The Supreme Court recently overturned affirmative action for underrepresented minorities in college admissions. Those who saw it as a win for fairness cheered.
But now there's a similar challenge that may hit closer to home, and it will be interesting to see how many of those in the fairness crowd are still on board.
Three days after the court's decision in the cases brought by Students for Fair Admissions Inc. against the University of North Carolina and Harvard College, Boston-area advocacy groups filed a complaint with the Department of Education requesting an investigation into another controversial practice. They argued that Harvard's admissions policies discriminate against Black, Hispanic and Asian applicants in favor of less-qualified white candidates who have alumni and donor connections.
Ironically, their point is supported by data that came out of the lawsuit that dismantled affirmative action. Harvard had released years of records as part of the lawsuit that ended up before the Supreme Court.
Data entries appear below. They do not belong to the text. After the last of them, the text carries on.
lemma rearr_ge:
  assumes "finite S" "s \<ge> 0"
    and "\<And>lam. lam > 0 \<Longrightarrow> sum mu {i\<in>S. g i > lam} \<le> s \<Longrightarrow> v \<le> lam"
  shows "v \<le> rearr mu S g s"
proof -
  obtain G where "G > 0" "\<forall>i\<in>S. g i < G"
    using finite_strict_upper_bound[OF assms(1)] .
  then have "sum mu {i\<in>S. g i > G} = 0"
    by (intro sum.neutral) auto
  then have "G \<in> {lam. lam > 0 \<and> sum mu {i\<in>S. g i > lam} \<le> s}"
    using \<open>G > 0\<close> assms(2) by simp
  then show ?thesis
    unfolding rearr_def by (intro cInf_greatest) (use assms(3) in auto)
qed

lemma rearr_nonneg: "finite S \<Longrightarrow> s \<ge> 0 \<Longrightarrow> rearr mu S g s \<ge> 0"
  by (rule rearr_ge) auto

lemma bdd_above_weak_profile:
  assumes fin: "finite S" and mu: "\<forall>i\<in>S. mu i > 0" and r: "r > 0"
  shows "bdd_above ((\<lambda>s. s powr (1 / r) * rearr mu S g s) ` {0<..})"
proof -
  obtain G where G: "G > 0" "\<forall>i\<in>S. g i < G"
    using finite_strict_upper_bound[OF fin] .
  have "s powr (1 / r) * rearr mu S g s \<le> sum mu S powr (1 / r) * G" if s: "s > 0" for s
  proof (cases "s \<le> sum mu S")
    case True
    have "sum mu {i\<in>S. g i > G} = 0"
      using G by (intro sum.neutral) auto
    then have "rearr mu S g s \<le> G"
      using G s by (intro rearr_le) auto
    then show ?thesis
      using True s r rearr_nonneg[OF fin, of s mu g] by (intro mult_mono powr_mono2) auto
  next
    case False
    have "rearr mu S g s \<le> 0"
    proof (rule dense_ge)
      fix lam :: real assume "0 < lam"
      moreover have "sum mu {i\<in>S. g i > lam} \<le> sum mu S"
        using fin mu by (intro sum_mono2) auto
      ultimately show "rearr mu S g s \<le> lam"
        using False by (intro rearr_le) auto
    qed
    then have "s powr (1 / r) * rearr mu S g s \<le> 0"
      by (simp add: mult_nonneg_nonpos)
    moreover have "0 \<le> sum mu S powr (1 / r) * G"
      using G by simp
    ultimately show ?thesis by linarith
  qed
  then show ?thesis
    by (intro bdd_aboveI2) auto
qed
Researchers found that the data revealed that legacy students were eight times more likely to be admitted, and nearly 70% were white.
A study published in the National Bureau of Economic Research found that 43% of white students admitted to Harvard were recruited athletes, legacy students, children of faculty and staff, or on the dean's interest list -- applicants whose parents or relatives have donated to Harvard.
Of the white students admitted from those four categories, 75% of them would have been rejected if they had been treated as white students without the special considerations, the study said.
Even after the court's decision, affirmative action for mostly white and wealthy students still stands. Yet everyone knows the students did nothing to earn this advantage.
Not a single other country in the world has legacy preferences in admissions.
America's longstanding tolerance for this particular unfairness begs the question: Why have conservative groups been unwilling to challenge legacy and donor preferences along with their fight against race-based preferences?
Unearned advantages -- bestowed by chance, at birth, mostly to white students -- have been accepted for generations, but a preference for Blacks and other underrepresented minorities for a few decades has provoked years of legal challenges.
We all know that giving the richest people in America affirmative action at the expense of others who are more qualified is ethically indefensible.
In the ongoing war over fairness in the admissions game, this battle has renewed life after the court's recent decision.
An Associated Press survey of the nation's most selective colleges last year found that legacy students in the freshman class ranged from 4% to 23%. This tidbit from the AP report was even more revealing: At four schools -- Notre Dame, the University of Southern California, Cornell and Dartmouth -- legacy students outnumbered Black students.
Who could have known.
On several occasions, white parents have lamented to me how difficult it will be for their child to gain admission at an elite school or graduate program "as a white male" or "as a white girl."
It's a common refrain during college application season. The unspoken part of that grievance is that their child is being disadvantaged by nonwhite students. But even with affirmative action, the percentage of Black students at Ivy League colleges has hovered around 6% for years.
Perhaps those parents were blaming the wrong group all along.
The defenses I've heard from those who have benefited from legacy admissions are, "I was still highly qualified for admission" and "I also worked hard."
Great. Let's see how you would fare without a thumb on the scale.
I say this as a parent of a child who is a legacy student at my own alma mater: It's time to get rid of the practice. It goes against the mission of higher education.
A conservative group found Asian plaintiffs to bring the case that overturned affirmative action. As my husband and I are Asian Americans, our children may ostensibly benefit from this decision -- statistically, lower percentages of Asians with qualifying scores and grades are accepted into elite universities. But I believe our children, and all students, will be worse off for having fewer classmates from diverse perspectives and backgrounds on their campuses. That's largely been the outcome at other places that have already gotten rid of considerations of race in admissions.
There are already several elite institutions that have decided that legacy status merits no weight in its admissions: MIT, CalTech, Amherst College, Johns Hopkins University, Pomona, the University of California system and the University of Texas.